- Flag Coat of arms
- Coordinates (Mełgiew): 51°13′N 22°47′E﻿ / ﻿51.217°N 22.783°E
- Country: Poland
- Voivodeship: Lublin
- County: Świdnik
- Seat: Mełgiew

Area
- • Total: 95.64 km^{2} (36.93 sq mi)

Population (2015)
- • Total: 9,448
- • Density: 99/km^{2} (260/sq mi)
- Website: http://www.melgiew.pl

= Gmina Mełgiew =

Gmina Mełgiew is a rural gmina (administrative district) in Świdnik County, Lublin Voivodeship, in eastern Poland. Its seat is the village of Mełgiew, which lies approximately 6 km east of Świdnik and 16 km east of the regional capital Lublin.

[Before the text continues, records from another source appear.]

lemma tyass_Mu_body:
  assumes \<Gamma>: "\<forall>x. wfD (\<Gamma> x)" and \<Delta>: "\<forall>a. wfC (\<Delta> a)"
    and M: "tyass emb \<Gamma> \<Delta> (Mu c) \<delta>" and \<kappa>: "wfC \<kappa>"
  shows "\<exists>k'. tyassc emb \<Gamma> (case_nat \<kappa> \<Delta>) c (Prod (Arr k' (ty_app emb \<delta> \<kappa>)) k')"
proof -
  let ?P = "\<lambda>\<tau>. wfD \<tau> \<longrightarrow>
    (\<exists>k'. wfC k' \<and> tyassc emb \<Gamma> (case_nat \<kappa> \<Delta>) c (Prod (Arr k' (ty_app emb \<tau> \<kappa>)) k'))"
  have "?P \<delta>"
  proof (rule tyass_type_closure[OF M])
    show "?P OmD" by (auto intro!: exI[of _ OmC] tyassc_Prod_Arr_OmD)
  next
    fix s t assume Ps: "?P s" and Pt: "?P t"
    show "?P (AndD s t)"
    proof
      assume st: "wfD (AndD s t)"
      then obtain k1 k2
        where "wfC k1" "tyassc emb \<Gamma> (case_nat \<kappa> \<Delta>) c (Prod (Arr k1 (ty_app emb s \<kappa>)) k1)"
          and "wfC k2" "tyassc emb \<Gamma> (case_nat \<kappa> \<Delta>) c (Prod (Arr k2 (ty_app emb t \<kappa>)) k2)"
        using Ps Pt by (meson wfD.simps(3))
      with st show "\<exists>k'. wfC k' \<and> tyassc emb \<Gamma> (case_nat \<kappa> \<Delta>) c
                                     (Prod (Arr k' (ty_app emb (AndD s t) \<kappa>)) k')"
        by (auto intro!: exI[of _ "AndC k1 k2"] TC_Sub[OF TC_And leqC_AndC_Prod_Arr] isR_ty_app)
    qed
  next
    fix s t assume Ps: "?P s" and st: "leqD emb s t"
    show "?P t"
    proof
      obtain k1 where "wfC k1" "tyassc emb \<Gamma> (case_nat \<kappa> \<Delta>) c (Prod (Arr k1 (ty_app emb s \<kappa>)) k1)"
        using Ps leqD_leqC_wf(1)[OF st] by blast
      moreover have "leqC emb (Prod (Arr k1 (ty_app emb s \<kappa>)) k1) (Prod (Arr k1 (ty_app emb t \<kappa>)) k1)"
        using \<open>wfC k1\<close> \<kappa> st by (simp add: C_prod D_arr C_refl ty_app_mono)
      ultimately show "\<exists>k'. wfC k' \<and> tyassc emb \<Gamma> (case_nat \<kappa> \<Delta>) c (Prod (Arr k' (ty_app emb t \<kappa>)) k')"
        by (blast intro: TC_Sub)
    qed
  next
    fix c' k0 k' r
    assume "Mu c = Mu c'" "wfC k0" and c': "tyassc emb \<Gamma> (case_nat k0 \<Delta>) c' (Prod (Arr k' r) k')"
    show "?P (Arr k0 r)"
    proof
      show "\<exists>k''. wfC k'' \<and> tyassc emb \<Gamma> (case_nat \<kappa> \<Delta>) c (Prod (Arr k'' (ty_app emb (Arr k0 r) \<kappa>)) k'')"
      proof (cases "leqC emb \<kappa> k0")
        case True
        have "\<forall>x. leqD emb (\<Gamma> x) (\<Gamma> x)" using \<Gamma> by (simp add: D_refl)
        moreover have "\<forall>a. leqC emb (case_nat \<kappa> \<Delta> a) (case_nat k0 \<Delta> a)"
          using True \<Delta> by (simp add: C_refl split: nat.split)
        ultimately have "tyassc emb \<Gamma> (case_nat \<kappa> \<Delta>) c (Prod (Arr k' r) k')"
          using tyass_narrow(2)[OF c'] \<open>Mu c = Mu c'\<close> by simp
        moreover have "wfC k'"
          using tyass_tyassc_wf(2)[OF c'] \<Gamma> \<Delta> \<open>wfC k0\<close> by (simp split: nat.split)
        ultimately show ?thesis using True by auto
      qed (auto intro!: exI[of _ OmC] tyassc_Prod_Arr_OmD)
    qed
  qed simp_all
  then show ?thesis using tyass_tyassc_wf(1)[OF M \<Gamma> \<Delta>] by blast
qed
(* Let $p\in(0,\frac12)$ and $q=4p(1-p)$. Then $\eta_{KL}(Z(q))=\eta_{KL}(\mathrm{BSC}(p))=(1-2p)^2$, but $Z(q)\not\succeq_{\mathrm{l.n.}}\mathrm{BSC}(p)$.
   Context: For $q\in[0,1]$, the Z-channel $Z(q)$ has input and output alphabet $\{0,1\}$ with $Z(0|0)=1$, $Z(1|0)=0$, $Z(0|1)=q$, $Z(1|1)=1-q$. $\mathrm{BSC}(p)$ is the binary symmetric channel with crossover probability $p$. The KL contraction coefficient is $\eta_{KL}(P)=\sup_{P_X,Q_X}\frac{D(P\circ P_X\|P\circ Q_X)}{D(P_X\|Q_X)}$ (over inputs with $0<D(P_X\|Q_X)<\infty$, $P\circ P_X$ the output distribution). $P\succeq_{\mathrm{l.n.}}Q$ (less noisy) means $I(U:Y)\ge I(U:Y')$ for every finite-alphabet $U$ and every joint $P_{UX}$, with $U-X-Y$ and $U-X-Y'$ Markov chains. *)

theory Defs
  imports Complex_Main
begin

(* Binary alphabet {0,1} is rendered as bool: False = 0, True = 1.
   A channel K is a transition kernel: K x y = P(Y = y | X = x). *)

type_synonym bchannel = "bool \<Rightarrow> bool \<Rightarrow> real"

definition Zch :: "real \<Rightarrow> bchannel" where
  "Zch q x y = (if \<not> x then (if \<not> y then 1 else 0) else (if \<not> y then q else 1 - q))"

definition BSC :: "real \<Rightarrow> bchannel" where
  "BSC p x y = (if x = y then 1 - p else p)"

definition is_dist :: "(bool \<Rightarrow> real) \<Rightarrow> bool" where
  "is_dist P \<longleftrightarrow> (\<forall>x. P x \<ge> 0) \<and> (\<Sum>x\<in>UNIV. P x) = 1"

definition outd :: "bchannel \<Rightarrow> (bool \<Rightarrow> real) \<Rightarrow> (bool \<Rightarrow> real)" where
  "outd K P y = (\<Sum>x\<in>UNIV. P x * K x y)"

(* KL divergence (natural log), with convention 0 log(0/q) = 0; it is finite iff supp P \<subseteq> supp Q *)
definition kl_finite :: "(bool \<Rightarrow> real) \<Rightarrow> (bool \<Rightarrow> real) \<Rightarrow> bool" where
  "kl_finite P Q \<longleftrightarrow> (\<forall>x. P x > 0 \<longrightarrow> Q x > 0)"

definition kl :: "(bool \<Rightarrow> real) \<Rightarrow> (bool \<Rightarrow> real) \<Rightarrow> real" where
  "kl P Q = (\<Sum>x\<in>UNIV. if P x = 0 then 0 else P x * ln (P x / Q x))"

definition eta_KL :: "bchannel \<Rightarrow> real" where
  "eta_KL K = Sup {kl (outd K P) (outd K Q) / kl P Q | P Q.
      is_dist P \<and> is_dist Q \<and> kl_finite P Q \<and> kl P Q > 0}"

definition mutual_info :: "'a set \<Rightarrow> 'b set \<Rightarrow> ('a \<Rightarrow> 'b \<Rightarrow> real) \<Rightarrow> real" where
  "mutual_info A B J = (\<Sum>a\<in>A. \<Sum>b\<in>B.
      if J a b = 0 then 0
      else J a b * ln (J a b / ((\<Sum>b'\<in>B. J a b') * (\<Sum>a'\<in>A. J a' b))))"

definition is_joint_UX :: "nat \<Rightarrow> (nat \<Rightarrow> bool \<Rightarrow> real) \<Rightarrow> bool" where
  "is_joint_UX n J \<longleftrightarrow> (\<forall>u x. J u x \<ge> 0) \<and> (\<Sum>u<n. \<Sum>x\<in>UNIV. J u x) = 1"

(* joint P_{UY} under U - X - Y Markov chain with Y = K(X) *)
definition joint_UY :: "bchannel \<Rightarrow> (nat \<Rightarrow> bool \<Rightarrow> real) \<Rightarrow> nat \<Rightarrow> bool \<Rightarrow> real" where
  "joint_UY K J u y = (\<Sum>x\<in>UNIV. J u x * K x y)"

definition less_noisy :: "bchannel \<Rightarrow> bchannel \<Rightarrow> bool" where
  "less_noisy P Q \<longleftrightarrow> (\<forall>n J. is_joint_UX n J \<longrightarrow>
      mutual_info {..<n} UNIV (joint_UY P J) \<ge> mutual_info {..<n} UNIV (joint_UY Q J))"

end

theory Submission
  imports Defs
begin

The gmina covers an area of 95.64 km2, and as of 2006 its total population is 8,352 (9,448 in 2015).

==Villages==
Gmina Mełgiew contains the villages and settlements of Dominów, Franciszków, Jacków, Janówek, Janowice, Józefów, Krępiec, Krzesimów, Lubieniec, Mełgiew, Minkowice, Minkowice-Kolonia, Nowy Krępiec, Piotrówek Pierwszy, Podzamcze, Trzeciaków, Trzeszkowice and Żurawniki.

==Neighbouring gminas==
Gmina Mełgiew is bordered by the town of Świdnik and by the gminas of Głusk, Łęczna, Milejów, Piaski and Wólka.